Brown seems to have mostly overcome those injury concerns having registered an impressive five assists in the Championship so far this campaign, despite manager Graeme Jones easing him back into action.
Jones, who worked with Roberto Martinez and Thierry Henry in the Belgian setup, has described Brown as a “Premier League player” and those comments have been words of comfort for Brown following a difficult period in his career.
“It is good to hear because sometimes you doubt yourself,” he says. “It does give you so much confidence when the manager says the things he says. At the same time, I need to prove it. Some people may not agree with him. I am just going to go out there and give it 100 per cent.
“My first three games here were tough for me. I didn’t feel pressure from the outside, but you put pressure on yourself to be able to do what you used to do. To not be able to do what I used to be able to do straight away was difficult.
“I was trying things that weren’t coming off and I was thinking, ‘what’s going on?’. I feel like now the confidence is coming back and the sharpness is coming back. I am just trying things and sometimes they work and sometimes they don’t. I keep trying them and I am not afraid to make mistakes.
“In my head, I think I can play in the Premier League. I don’t think that’s big-headed because I played in the Premier League [in 2013 with West Brom] and I don’t think I was outside my limits. I feel, with my injury, I took two steps back when I was on my way up.
“Now there is a different focus in my mind, which is just football and playing games. So I am not focused on the Premier League at the moment. I just want to try to get myself back to where I was and then once I am there, I will look forward again.

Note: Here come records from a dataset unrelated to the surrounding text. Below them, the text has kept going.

text \<open>Rewards r s a1 a2; transition rates
  mu s' s a1 a2 from s to s' (only used for s' different from s; the diagonal is
  defined by the generator convention).\<close>

definition stationary :: "('s \<Rightarrow> nat set) \<Rightarrow> ('s \<Rightarrow> nat \<Rightarrow> real) \<Rightarrow> bool" where
  "stationary A f \<longleftrightarrow> (\<forall>s. (\<forall>a\<in>A s. f s a \<ge> 0) \<and> (\<forall>a. a \<notin> A s \<longrightarrow> f s a = 0)
      \<and> (\<Sum>a\<in>A s. f s a) = 1)"

definition gen_rate :: "('s::finite \<Rightarrow> 's \<Rightarrow> nat \<Rightarrow> nat \<Rightarrow> real) \<Rightarrow> 's \<Rightarrow> 's \<Rightarrow> nat \<Rightarrow> nat \<Rightarrow> real" where
  "gen_rate mu s' s a1 a2 =
     (if s' = s then - (\<Sum>t\<in>UNIV - {s}. mu t s a1 a2) else mu s' s a1 a2)"

definition reward_vec ::
  "('s::finite \<Rightarrow> nat set) \<Rightarrow> ('s \<Rightarrow> nat set) \<Rightarrow> ('s \<Rightarrow> nat \<Rightarrow> nat \<Rightarrow> real)
   \<Rightarrow> ('s \<Rightarrow> nat \<Rightarrow> real) \<Rightarrow> ('s \<Rightarrow> nat \<Rightarrow> real) \<Rightarrow> real ^ 's" where
  "reward_vec A1 A2 r f g = (\<chi> s. \<Sum>a1\<in>A1 s. \<Sum>a2\<in>A2 s. f s a1 * g s a2 * r s a1 a2)"

definition gen_matrix ::
  "('s::finite \<Rightarrow> nat set) \<Rightarrow> ('s \<Rightarrow> nat set) \<Rightarrow> ('s \<Rightarrow> 's \<Rightarrow> nat \<Rightarrow> nat \<Rightarrow> real)
   \<Rightarrow> ('s \<Rightarrow> nat \<Rightarrow> real) \<Rightarrow> ('s \<Rightarrow> nat \<Rightarrow> real) \<Rightarrow> real ^ 's ^ 's" where
  "gen_matrix A1 A2 mu f g =
     (\<chi> s s'. \<Sum>a1\<in>A1 s. \<Sum>a2\<in>A2 s. f s a1 * g s a2 * gen_rate mu s' s a1 a2)"

definition disc_payoff ::
  "('s::finite \<Rightarrow> nat set) \<Rightarrow> ('s \<Rightarrow> nat set) \<Rightarrow> ('s \<Rightarrow> nat \<Rightarrow> nat \<Rightarrow> real)
   \<Rightarrow> ('s \<Rightarrow> 's \<Rightarrow> nat \<Rightarrow> nat \<Rightarrow> real) \<Rightarrow> real
   \<Rightarrow> ('s \<Rightarrow> nat \<Rightarrow> real) \<Rightarrow> ('s \<Rightarrow> nat \<Rightarrow> real) \<Rightarrow> real ^ 's" where
  "disc_payoff A1 A2 r mu \<alpha> f g =
     matrix_inv (\<alpha> *\<^sub>R mat 1 - gen_matrix A1 A2 mu f g) *v reward_vec A1 A2 r f g"

definition disc_NE ::
  "('s::finite \<Rightarrow> nat set) \<Rightarrow> ('s \<Rightarrow> nat set) \<Rightarrow> ('s \<Rightarrow> nat \<Rightarrow> nat \<Rightarrow> real)
   \<Rightarrow> ('s \<Rightarrow> nat \<Rightarrow> nat \<Rightarrow> real) \<Rightarrow> ('s \<Rightarrow> 's \<Rightarrow> nat \<Rightarrow> nat \<Rightarrow> real) \<Rightarrow> real
   \<Rightarrow> ('s \<Rightarrow> nat \<Rightarrow> real) \<Rightarrow> ('s \<Rightarrow> nat \<Rightarrow> real) \<Rightarrow> bool" where
  "disc_NE A1 A2 r1 r2 mu \<alpha> f g \<longleftrightarrow>
     stationary A1 f \<and> stationary A2 g \<and>
     (\<forall>f'. stationary A1 f' \<longrightarrow> (\<forall>s. disc_payoff A1 A2 r1 mu \<alpha> f g $ s \<ge> disc_payoff A1 A2 r1 mu \<alpha> f' g $ s)) \<and>
     (\<forall>g'. stationary A2 g' \<longrightarrow> (\<forall>s. disc_payoff A1 A2 r2 mu \<alpha> f g $ s \<ge> disc_payoff A1 A2 r2 mu \<alpha> f g' $ s))"

definition blackwell_NE ::
  "('s::finite \<Rightarrow> nat set) \<Rightarrow> ('s \<Rightarrow> nat set) \<Rightarrow> ('s \<Rightarrow> nat \<Rightarrow> nat \<Rightarrow> real)
   \<Rightarrow> ('s \<Rightarrow> nat \<Rightarrow> nat \<Rightarrow> real) \<Rightarrow> ('s \<Rightarrow> 's \<Rightarrow> nat \<Rightarrow> nat \<Rightarrow> real)
   \<Rightarrow> ('s \<Rightarrow> nat \<Rightarrow> real) \<Rightarrow> ('s \<Rightarrow> nat \<Rightarrow> real) \<Rightarrow> bool" where
  "blackwell_NE A1 A2 r1 r2 mu f g \<longleftrightarrow>
     (\<exists>\<alpha>0>0. \<forall>\<alpha>. 0 < \<alpha> \<and> \<alpha> \<le> \<alpha>0 \<longrightarrow> disc_NE A1 A2 r1 r2 mu \<alpha> f g)"

datatype st = S1 | S2

lemma UNIV_st: "(UNIV :: st set) = {S1, S2}"
  using st.exhaust by auto

instance st :: finite
  by standard (simp add: UNIV_st)

definition exA1 :: "st \<Rightarrow> nat set" where
  "exA1 s = (case s of S1 \<Rightarrow> {1, 2} | S2 \<Rightarrow> {1})"

definition exA2 :: "st \<Rightarrow> nat set" where
  "exA2 s = (case s of S1 \<Rightarrow> {1, 2} | S2 \<Rightarrow> {1})"

definition exr1 :: "st \<Rightarrow> nat \<Rightarrow> nat \<Rightarrow> real" where
  "exr1 s a1 a2 = (case s of
      S1 \<Rightarrow> (if a1 = 1 \<and> a2 = 1 then 4 else if a1 = 1 \<and> a2 = 2 then 6
             else if a1 = 2 \<and> a2 = 1 then 5 else if a1 = 2 \<and> a2 = 2 then 4 else 0)
    | S2 \<Rightarrow> (if a1 = 1 \<and> a2 = 1 then 6 else 0))"

definition exr2 :: "st \<Rightarrow> nat \<Rightarrow> nat \<Rightarrow> real" where
  "exr2 s a1 a2 = (case s of
      S1 \<Rightarrow> (if a1 = 1 \<and> a2 = 1 then 9 else if a1 = 1 \<and> a2 = 2 then 3
             else if a1 = 2 \<and> a2 = 1 then 4 else if a1 = 2 \<and> a2 = 2 then 5 else 0)
    | S2 \<Rightarrow> (if a1 = 1 \<and> a2 = 1 then 7 else 0))"

definition exmu :: "st \<Rightarrow> st \<Rightarrow> nat \<Rightarrow> nat \<Rightarrow> real" where
  "exmu s' s a1 a2 = (if s' = S2 \<and> s = S1 then (if a2 = 2 then 1 else 0)
                     else if s' = S1 \<and> s = S2 then 1 else 0)"

definition fstar :: "real \<Rightarrow> st \<Rightarrow> nat \<Rightarrow> real" where
  "fstar \<alpha> s a = (case s of
      S1 \<Rightarrow> (if a = 1 then (4 + \<alpha>) / (12 + 7 * \<alpha>)
             else if a = 2 then (8 + 6 * \<alpha>) / (12 + 7 * \<alpha>) else 0)
    | S2 \<Rightarrow> (if a = 1 then 1 else 0))"

definition gstar :: "st \<Rightarrow> nat \<Rightarrow> real" where
  "gstar s a = (case s of
      S1 \<Rightarrow> (if a = 1 then 2 / 3 else if a = 2 then 1 / 3 else 0)
    | S2 \<Rightarrow> (if a = 1 then 1 else 0))"

end

theory Submission
  imports Defs
begin

text \<open>For a generator \<open>Q\<close> and \<open>\<alpha> > 0\<close> the matrix \<open>\<alpha> I - Q\<close> is invertible (maximum principle), so the
  discounted payoff is the unique solution of \<open>\<alpha> v - Q v = r\<close>. In the example every stationary
  strategy is determined by the probability of action 1 in state 1, and solving this \<open>2 \<times> 2\<close>
  system shows that a unilateral deviation \<open>p \<mapsto> p'\<close> of player 1 changes each of his payoffs by
  a positive multiple of \<open>(p' - p) (2 - 3 q)\<close>, and a deviation \<open>q \<mapsto> q'\<close> of player 2 changes
  hers by a positive multiple of \<open>(q' - q) (p (12 + 7 \<alpha>) - (4 + \<alpha>))\<close>. The game therefore behaves
  like matching pennies, whose unique equilibrium makes both players indifferent; since player 1's
  equilibrium probability \<open>(4 + \<alpha>) / (12 + 7 \<alpha>)\<close> is injective in \<open>\<alpha>\<close>, no stationary pair is an
  equilibrium for two different discount rates.\<close>

definition generator :: "real^'s^'s \<Rightarrow> bool" where
  "generator Q \<longleftrightarrow> (\<forall>s t. s \<noteq> t \<longrightarrow> Q $ s $ t \<ge> 0) \<and> (\<forall>s. (\<Sum>t\<in>UNIV. Q $ s $ t) = 0)"

lemma resolvent_mult_vec_nth:
  fixes Q :: "real^'s::finite^'s"
  shows "((\<alpha> *\<^sub>R mat 1 - Q) *v x) $ s = \<alpha> * x $ s - (\<Sum>t\<in>UNIV. Q $ s $ t * x $ t)"
proof -
  have "(\<alpha> *\<^sub>R mat 1 - Q) *v x = \<alpha> *\<^sub>R x - Q *v x"
    by (simp add: matrix_vector_mult_diff_rdistrib flip: scaleR_matrix_vector_assoc)
  then show ?thesis by (simp add: matrix_vector_mult_def)
qed

text \<open>A maximum principle: at a maximal coordinate of a solution of \<open>\<alpha> x = Q x\<close> the
  right-hand side is a nonnegative combination of differences \<open>x t - x m \<le> 0\<close>.\<close>
lemma generator_resolvent_kernel_nonpos:
  fixes Q :: "real^'s::finite^'s"
  assumes Q: "generator Q" and "\<alpha> > 0" and x: "(\<alpha> *\<^sub>R mat 1 - Q) *v x = 0"
  shows "x $ s \<le> 0"
proof -
  obtain m where m: "\<And>t. x $ t \<le> x $ m"
    using Max_in[of "range (($) x)"] Max_ge[of "range (($) x)"] by fastforce
  have "\<alpha> * x $ m = (\<Sum>t\<in>UNIV. Q $ m $ t * x $ t)"
    using x resolvent_mult_vec_nth[of \<alpha> Q x m] by simp
  also have "\<dots> = (\<Sum>t\<in>UNIV. Q $ m $ t * (x $ t - x $ m))"
    using Q by (simp add: generator_def right_diff_distrib sum_subtractf flip: sum_distrib_right)
  also have "\<dots> \<le> 0"
  proof (rule sum_nonpos)
    fix t
    show "Q $ m $ t * (x $ t - x $ m) \<le> 0"
      using Q m[of t] by (cases "t = m") (auto simp: generator_def mult_nonneg_nonpos)
  qed
  finally have "x $ m \<le> 0" using \<open>\<alpha> > 0\<close> by (simp add: mult_le_0_iff)
  then show ?thesis using m[of s] by linarith
qed

lemma generator_resolvent_invertible:
  fixes Q :: "real^'s::finite^'s"
  assumes "generator Q" and "\<alpha> > 0"
  shows "invertible (\<alpha> *\<^sub>R mat 1 - Q)"
  unfolding invertible_left_inverse matrix_left_invertible_ker
proof (intro allI impI)
  fix x assume x: "(\<alpha> *\<^sub>R mat 1 - Q) *v x = 0"
  then have minus_x: "(\<alpha> *\<^sub>R mat 1 - Q) *v (- x) = 0"
    by (simp add: vec_eq_iff matrix_vector_mult_def sum_negf)
  show "x = 0"
    using generator_resolvent_kernel_nonpos[OF assms x]
      generator_resolvent_kernel_nonpos[OF assms minus_x]
    by (simp add: vec_eq_iff order_antisym)
qed

lemma matrix_inv_mult_vec_eqI:
  fixes M :: "'a::field^'n^'n"
  assumes "invertible M" and "M *v x = b"
  shows "matrix_inv M *v b = x"
proof -
  have "matrix_inv M ** M = mat 1"
    using assms(1) unfolding invertible_def matrix_inv_def by (rule someI2_ex) blast
  then show ?thesis
    using assms(2) by (metis matrix_vector_mul_assoc matrix_vector_mul_lid)
qed

lemma gen_matrix_generator:
  assumes "stationary A1 f" and "stationary A2 g"
    and "\<And>s s' a1 a2. s' \<noteq> s \<Longrightarrow> mu s' s a1 a2 \<ge> 0"
  shows "generator (gen_matrix A1 A2 mu f g)"
proof -
  have rate_row_sum: "(\<Sum>s'\<in>UNIV. gen_rate mu s' s a1 a2) = 0" for s a1 a2
    by (simp add: gen_rate_def sum.remove[of UNIV s])
  have "(\<Sum>s'\<in>UNIV. gen_matrix A1 A2 mu f g $ s $ s') =
      (\<Sum>a1\<in>A1 s. \<Sum>a2\<in>A2 s. f s a1 * g s a2 * (\<Sum>s'\<in>UNIV. gen_rate mu s' s a1 a2))" for s
    unfolding gen_matrix_def by (simp add: sum_distrib_left sum.swap[of _ UNIV])
  moreover have "gen_matrix A1 A2 mu f g $ s $ s' \<ge> 0" if "s \<noteq> s'" for s s'
    using assms that unfolding gen_matrix_def stationary_def gen_rate_def
    by (auto intro!: sum_nonneg)
  ultimately show ?thesis
    unfolding generator_def by (simp add: rate_row_sum)
qed

lemma disc_payoff_eqI:
  assumes "stationary A1 f" and "stationary A2 g"
    and "\<And>s s' a1 a2. s' \<noteq> s \<Longrightarrow> mu s' s a1 a2 \<ge> 0" and "\<alpha> > 0"
    and "(\<alpha> *\<^sub>R mat 1 - gen_matrix A1 A2 mu f g) *v v = reward_vec A1 A2 r f g"
  shows "disc_payoff A1 A2 r mu \<alpha> f g = v"
  unfolding disc_payoff_def
  using generator_resolvent_invertible[OF gen_matrix_generator[OF assms(1-3)] assms(4)] assms(5)
  by (rule matrix_inv_mult_vec_eqI)

lemma divide_le_divide_iff_sign:
  fixes A B c d1 d2 x :: real
  assumes "d1 > 0" "d2 > 0" "c > 0" and "A * d2 - B * d1 = c * x"
  shows "A / d1 \<le> B / d2 \<longleftrightarrow> x \<le> 0"
proof -
  have "A / d1 \<le> B / d2 \<longleftrightarrow> A * d2 - B * d1 \<le> 0"
    using assms(1,2) by (simp add: divide_le_eq le_divide_eq field_simps)
  also have "\<dots> \<longleftrightarrow> x \<le> 0"
    using assms(3,4) by (simp add: mult_le_0_iff)
  finally show ?thesis .
qed

lemma unit_interval_maximizer_iff:
  fixes p c :: real
  assumes "0 \<le> p" "p \<le> 1"
  shows "(\<forall>p'. 0 \<le> p' \<and> p' \<le> 1 \<longrightarrow> (p' - p) * c \<le> 0) \<longleftrightarrow> (c > 0 \<longrightarrow> p = 1) \<and> (c < 0 \<longrightarrow> p = 0)"
proof
  assume max: "\<forall>p'. 0 \<le> p' \<and> p' \<le> 1 \<longrightarrow> (p' - p) * c \<le> 0"
  have "(1 - p) * c \<le> 0" "(0 - p) * c \<le> 0" using max by auto
  then show "(c > 0 \<longrightarrow> p = 1) \<and> (c < 0 \<longrightarrow> p = 0)"
    using assms by (auto simp: mult_le_0_iff zero_le_mult_iff)
next
  assume "(c > 0 \<longrightarrow> p = 1) \<and> (c < 0 \<longrightarrow> p = 0)"
  then show "\<forall>p'. 0 \<le> p' \<and> p' \<le> 1 \<longrightarrow> (p' - p) * c \<le> 0"
    by (cases c "0::real" rule: linorder_cases) (auto simp: mult_le_0_iff)
qed

lemma all_st_iff: "(\<forall>s. P s) \<longleftrightarrow> P S1 \<and> P S2"
  by (metis st.exhaust)

definition exstrat :: "real \<Rightarrow> st \<Rightarrow> nat \<Rightarrow> real" where
  "exstrat p s a = (case s of
      S1 \<Rightarrow> (if a = 1 then p else if a = 2 then 1 - p else 0)
    | S2 \<Rightarrow> (if a = 1 then 1 else 0))"

lemma exstrat_inj: "exstrat p = exstrat p' \<Longrightarrow> p = p'"
  by (drule fun_cong[of _ _ S1], drule fun_cong[of _ _ 1]) (simp add: exstrat_def)

lemma stationary_exA1_iff: "stationary exA1 f \<longleftrightarrow> (\<exists>p. 0 \<le> p \<and> p \<le> 1 \<and> f = exstrat p)"
proof
  assume "stationary exA1 f"
  then have f: "f S1 1 \<ge> 0" "f S1 2 \<ge> 0" "f S1 1 + f S1 2 = 1" "f S2 1 = 1"
      "\<And>a. a \<noteq> 1 \<Longrightarrow> a \<noteq> 2 \<Longrightarrow> f S1 a = 0" "\<And>a. a \<noteq> 1 \<Longrightarrow> f S2 a = 0"
    unfolding stationary_def exA1_def by (auto simp: all_st_iff)
  then have "f = exstrat (f S1 1)"
    by (auto simp: exstrat_def fun_eq_iff split: st.split)
  with f show "\<exists>p. 0 \<le> p \<and> p \<le> 1 \<and> f = exstrat p"
    by (intro exI[of _ "f S1 1"]) auto
next
  assume "\<exists>p. 0 \<le> p \<and> p \<le> 1 \<and> f = exstrat p"
  then show "stationary exA1 f"
    unfolding stationary_def exA1_def exstrat_def by (auto simp: all_st_iff)
qed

“For me to come here, the manager sees me every day in training and he has been around in Belgium, West Brom and they are top class players. It gives me confidence that in the future I can look and say I should be playing in the Premier League but I can’t let that get into my head now.
“I feel like we have the team, players and staff to keep us in the division. Now we just need to get the results that we deserve. I think we have never been outclassed.”

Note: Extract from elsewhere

(* Let $n\ge2$ and let $X_1,\dots,X_n$ be operators in a complex Hilbert space $\mathcal{H}$, each Hermitian or skew-Hermitian, defined on a common invariant domain $D$. Let $m^{(1)},\dots,m^{(n)}$ be sequences of positive numbers satisfying (A0), (A1), (A2). Suppose that for every $j\in\{1,\dots,n-1\}$ the pair $(m^{(j)},m^{(n)})$ satisfies (A3) and $[X_j,X_n]=c_jI$ on $D$ for some $c_j\in\mathbb{C}$. Put $\mathbf{X}=(X_1,\dots,X_n)$, $\mathbf{X}'=(X_1,\dots,X_{n-1})$, $\mathbf{m}=(m^{(1)},\dots,m^{(n)})$, $\mathbf{m}'=(m^{(1)},\dots,m^{(n-1)})$. Then $u\in D$ belongs to $\mathcal{S}_{\mathbf{m}}(\mathbf{X})$ if and only if $u\in\mathcal{S}_{\mathbf{m}'}(\mathbf{X}')\cap\mathcal{S}_{m^{(n)}}(X_n)$.
   Context: A common invariant domain $D$ means $D\subset\mathrm{Dom}(X_j)$ and $X_jD\subset D$ for all $j$. Notation: for $N\ge1$, $M(N)=\bigcup_{k\ge1}\{1,\dots,N\}^k$; for $\alpha=(i_1,\dots,i_k)\in M(N)$, $|\alpha|=k$, $|\alpha|_j=\mathrm{card}\{l: i_l=j\}$. For operators $\mathbf{Y}=(Y_1,\dots,Y_N)$, $\mathbf{Y}_\alpha=Y_{i_1}\cdots Y_{i_k}$ and $C^\infty(\mathbf{Y})=\{u: u\in\mathrm{Dom}(\mathbf{Y}_\alpha)\ \forall\alpha\in M(N)\}$. For sequences $\mathbf{p}=(p^{(1)},\dots,p^{(N)})$ of positive reals, $\mathbf{p}_\alpha=p^{(1)}_{|\alpha|_1}\cdots p^{(N)}_{|\alpha|_N}$ and $\mathcal{S}_{\mathbf{p}}(\mathbf{Y})=\{u\in C^\infty(\mathbf{Y}): \exists A,C>0,\ \|\mathbf{Y}_\alpha u\|\le CA^{|\alpha|}\mathbf{p}_\alpha\ \forall\alpha\in M(N)\}$ (for $N=1$: $\|Y^ku\|\le CA^kp_k$ for all $k\ge1$). Conditions: (A0) $m^{(j)}_0=m^{(j)}_1=1$; (A1) $(m^{(j)}_p)^2\le m^{(j)}_{p-1}m^{(j)}_{p+1}$ for $p\ge1$; (A2) there is $H>0$ with $m^{(j)}_{p+q}\le H^{p+q}m^{(j)}_pm^{(j)}_q$ for all $j$, $p,q\in\mathbb{N}$. A pair $(m^{(j)},m^{(k)})$ satisfies (A3) if there is $L\ge1$ with $p\,m^{(j)}_{p-1}m^{(k)}_{p-1}\le L\,m^{(j)}_pm^{(k)}_p$ for all $p\ge1$. *)

theory Defs
  imports "HOL-Analysis.Analysis"
begin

At Luton, Brown is also only an hour away from where he grew up in Peterborough while it is also the hometown of his girlfriend, Destiny, who helped him through those difficult days post-knee surgery.
“I was always coming to Luton because my girlfriend and her family are here,” he says. “I don’t know how my girlfriend put up with me – the mood swings from the heavy tablets I was having after the operation… I was a ghost.”
“I didn’t know what I was saying but she made sure I had my ice on in every minute. She would refill it. She would get me drinks when I couldn’t move, help me upstairs even washed me when I couldn’t shower. She did so much. She was watching over me.
“I owe a lot to her because without her, I don’t know where I would be. I could still be injured or have the pain in my knee. She made sure we did the exercises together that the doctor gave me. She was pregnant and doing the exercises with me while I was injured. She did a lot.
“I have a little daughter and she is amazing. She has made me grow up so much. She is my best achievement. My daughter has been coming to the home games. I look in the crowd and she is smiling and can wave.
“It is things like that which gives you so much confidence that part of you is here watching. You just want to make them proud on the pitch.”